According to the present invention, the elevating part 700 includes the shaft 710, a shaft guide 720, a spring 730, and an adjustor 740.

The shaft 710 serves as a part which finally transmits the driving force of the driving motor 110 to the screw 500 and has a shape of a general bar. In more detail, the shaft 710 has one end having the polygonal column-like shape fastenable and separable to/from the power connector 520 of the screw 500 and the other end sequentially passed through the spring 730 and the shaft guide 720 as will be discussed later and coupled to one side of the adjustor 740.

The shaft guide 720 serves to guide the upward and downward movements of the shaft 710 and at the same time receive the driving force transmitted from the driving motor 110 to rotate the shaft 710 and has a generally cylindrical shape.

The shaft guide 720 has shaft guide grooves 722 formed longitudinally in upward and downward directions on one side thereto adjacent to the shaft 710, and in the state where shaft protrusions 712 formed on the shaft 710 are fittedly inserted into the shaft guide grooves 722, the shaft 710 is guided upwardly and downwardly. The shaft guide 720 further has gear teeth 724 formed on the outer peripheral surface of the other side thereof in the opposite direction to the shaft guide grooves 722 so as to receive the driving power from the driving motor 110.

The spring 730 is a part providing an elastic force so that the shaft 710 is kept downwardly. The spring 730 is located between the shaft 710 and the shaft guide 720 and has one end supporting the shaft 710 and the other end supporting the shaft guide 720, so that the shaft 710 receives the elastic force (the pressure) of the spring 730 in the downward direction. If the polygonal-shaped shaft formed on the lower end periphery of the shaft 710 does not correspond to the polygonal-shaped shaft hole formed on the top end periphery of the screw 500, and otherwise, if the polygonal-shaped shaft is not fitted to the polygonal-shaped shaft hole by means of any other reason, the polygonal-shaped shaft is rotated by means of the elastic force of the spring 730, thus being just fitted to the polygonal-shaped shaft hole. That is, the formation of the spring 730 enables the polygonal-shaped shaft to be rotated and inserted just into the polygonal-shaped shaft hole. In this case, desirably, the polygonal-shaped shaft is a hexagonal shaft, and the polygonal-shaped shaft hole corresponding to the hexagonal shaft is a hexagonal shaft hole. Of course, they may become a square shaft and a square shaft hole. To the contrary, the polygonal-shaped shaft hole may be formed on the lower end periphery of the shaft 710 and the polygonal-shaped shaft fitted to the polygonal-shaped shaft hole may be formed on the top end periphery of the screw 500.

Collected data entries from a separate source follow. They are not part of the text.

(* Let $f(y)=\sum_{k\ge0}\frac{(-y/16)^k}{(k!)^2}$ (so $f(y)=J_0(\tfrac12\sqrt{y})$ for $y\ge0$ and $f(-y^2)=I_0(\tfrac12 y)$). Define, for $(R,u)\in\mathbb{R}^2$ and $s\in\mathbb{R}$, the function $$\chi^\sharp(R,u-s)=\tfrac12\,\mathrm{sgn}(R)\,e^{R/2}f(|u-s|^2-R^2)\mathbf{1}_{|u-s|<|R|}$$ and the measure (for fixed $R$, a measure in $u-s$) $$\chi^\flat(R,u-s)=\tfrac12e^{R/2}(\delta_{u-s=R}+\delta_{u-s=-R})-\tfrac12e^{R/2}\Big(\tfrac12f((u-s)^2-R^2)+2Rf'((u-s)^2-R^2)\Big)\mathbf{1}_{|u-s|<|R|}.$$ Then, in the sense of distributions for $(R,u)\in\mathbb{R}^2$, $\chi^\sharp$ solves $\chi^\sharp_{RR}-\chi^\sharp_{uu}-\chi^\sharp_R=0$ with $\lim_{R\to0}\chi^\sharp(R,\cdot)=0$ and $\lim_{R\to0}\chi^\sharp_R(R,\cdot)=\delta_{u=s}$, and $\chi^\flat$ solves $\chi^\flat_{RR}-\chi^\flat_{uu}-\chi^\flat_R=0$ with $\lim_{R\to0}\chi^\flat(R,\cdot)=\delta_{u=s}$ and $\lim_{R\to0}\chi^\flat_R(R,\cdot)=0$. Moreover $\lim_{R\to-\infty}\chi^\sharp(R,\cdot)=\lim_{R\to-\infty}\chi^\flat(R,\cdot)=0$, and $\chi^\flat(R,u-s)=\chi^\sharp_R(R,u-s)-\chi^\sharp(R,u-s)$.
   Context: $J_0$ and $I_0$ denote the Bessel and modified Bessel functions of the first kind of order $0$; $\mathbf{1}$ denotes an indicator function. The equation $\eta_{RR}-\eta_{uu}-\eta_R=0$ is the entropy equation $\eta_{\rho\rho}-\rho^{-2}\eta_{uu}=0$ of isothermal gas dynamics ($p(\rho)=\rho$) written in the variable $R=\log\rho$. *)

theory Defs
  imports "HOL-Analysis.Analysis"
begin

definition f_ser :: "real \<Rightarrow> real" where
  "f_ser y = (\<Sum>k. (- y / 16) ^ k / (fact k)^2)"

definition chi_sharp :: "real \<Rightarrow> real \<Rightarrow> real" where
  "chi_sharp R v = (1/2) * sgn R * exp (R/2) * f_ser (v^2 - R^2)
                     * (if \<bar>v\<bar> < \<bar>R\<bar> then 1 else 0)"
lemma sum_neg_one_power_split:
  fixes g :: "'a \<Rightarrow> real"
  assumes "finite A"
  shows "(\<Sum>x\<in>A. (-1)^(n x) * g x) = sum g {x\<in>A. even (n x)} - sum g {x\<in>A. odd (n x)}"
proof -
  have "(\<Sum>x\<in>A. (-1)^(n x) * g x) = (\<Sum>x\<in>A. if even (n x) then g x else - g x)"
    by (rule sum.cong) auto
  also have "\<dots> = sum g (A \<inter> {x. even (n x)}) + sum (\<lambda>x. - g x) (A \<inter> - {x. even (n x)})"
    by (rule sum.If_cases[OF assms])
  finally show ?thesis by (simp add: sum_negf Int_def)
qed

definition point_masses :: "'i set \<Rightarrow> ('i \<Rightarrow> real^'n::finite) \<Rightarrow> (real^'n) measure" where
  "point_masses I p = distr (count_space I) (restrict_space borel unit_cube) p"

lemma sets_point_masses [simp]:
  "sets (point_masses I p) = sets (restrict_space borel unit_cube)"
  by (simp add: point_masses_def)

lemma measurable_point_masses:
  "p ` I \<subseteq> unit_cube \<Longrightarrow> p \<in> count_space I \<rightarrow>\<^sub>M restrict_space borel unit_cube"
  by (auto simp: space_restrict_space)

lemma finite_measure_point_masses:
  "finite I \<Longrightarrow> p ` I \<subseteq> unit_cube \<Longrightarrow> finite_measure (point_masses I p)"
  unfolding point_masses_def
  by (rule finite_measure.finite_measure_distr[OF finite_measure_count_space measurable_point_masses])

lemma integral_point_masses:
  fixes g :: "real^'n::finite \<Rightarrow> real"
  assumes "finite I" "p ` I \<subseteq> unit_cube" "continuous_on UNIV g"
  shows "(\<integral>x. g x \<partial>point_masses I p) = (\<Sum>i\<in>I. g (p i))"
proof -
  have "g \<in> borel_measurable (restrict_space borel unit_cube)"
    by (rule measurable_restrict_space1[OF borel_measurable_continuous_onI[OF assms(3)]])
  then have "(\<integral>x. g x \<partial>point_masses I p) = (\<integral>i. g (p i) \<partial>count_space I)"
    unfolding point_masses_def
    using integral_distr[OF measurable_point_masses[OF assms(2)] \<open>g \<in> _\<close>] by simp
  also have "\<dots> = (\<Sum>i\<in>I. g (p i))" by (rule lebesgue_integral_count_space_finite[OF assms(1)])
  finally show ?thesis .
qed

lemma singleton_sets_unit_cube:
  "x \<in> unit_cube \<Longrightarrow> {x} \<in> sets (restrict_space borel unit_cube)"
  unfolding unit_cube_def by (simp add: sets_restrict_space_iff)

lemma measure_point_masses_singleton:
  assumes "finite I" "p ` I \<subseteq> unit_cube" "x \<in> unit_cube"
  shows "measure (point_masses I p) {x} = card {i\<in>I. p i = x}"
proof -
  from singleton_sets_unit_cube[OF assms(3)] have "measure (point_masses I p) {x} = measure (count_space I) (p -` {x} \<inter> I)"
    unfolding point_masses_def by (simp add: measure_distr[OF measurable_point_masses[OF assms(2)]])
  also have "p -` {x} \<inter> I = {i\<in>I. p i = x}" by auto
  finally show ?thesis using assms(1) by simp
qed

definition subset_point :: "'n::finite \<Rightarrow> nat \<Rightarrow> nat set \<Rightarrow> real^'n" where
  "subset_point i k S = (card S / k) *\<^sub>R axis i 1"

lemma subset_point_in_unit_cube:
  assumes "S \<subseteq> {..<k}"
  shows "subset_point i k S \<in> unit_cube"
proof -
  have "card S \<le> k" using assms card_mono[of "{..<k}" S] by auto
  then have "card S / k \<le> 1" by (cases "k = 0") auto
  then show ?thesis unfolding unit_cube_def mem_box_cart(2) by (auto simp: subset_point_def axis_def)
qed

lemma subset_point_eq_full_iff:
  assumes "S \<subseteq> {..<k}"
  shows "subset_point i k S = subset_point i k {..<k} \<longleftrightarrow> S = {..<k}"
proof
  assume "subset_point i k S = subset_point i k {..<k}"
  then have "subset_point i k S $ i = subset_point i k {..<k} $ i" by simp
  then have "card S = k \<or> k = 0" by (auto simp: subset_point_def)
  then show "S = {..<k}" using assms card_subset_eq[of "{..<k}" S] by auto
qed simp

The adjustor 740 is a part that adjusts the fastening or separation between the shaft 710 and the power connector 520 and is connected to the other end of the shaft 710 passed through the shaft guide 720. The fastening or separation between the shaft 710 and the power connector 520 through the adjustor 740 may be carried out in various operating manners or mechanisms.

For example, the fastening or separation between the shaft 710 and the power connector 520 is carried out by means of a locking device like a latch which pulls upwardly and fixes the shaft 710 to which the elastic force is applied downwardly. Otherwise, a bolt type member is movable upwardly and downwardly through its independent rotation in the state of being contacted with the other end of the shaft 710, so that as the shaft 710 is moved upwardly and downwardly, it is fastened and separated to/from the power connector 520.

According to the present invention, the adjustor 740 includes an operating member 750, an adjusting guide 760 and an adjusting drum 770.

The operating member 750 is a part coupled to the other end of the shaft 710 in such a manner as to be rotatable independently of each other and has an operating protrusion 752 formed on one side thereof so as to induce the upward and downward movements of the shaft 710.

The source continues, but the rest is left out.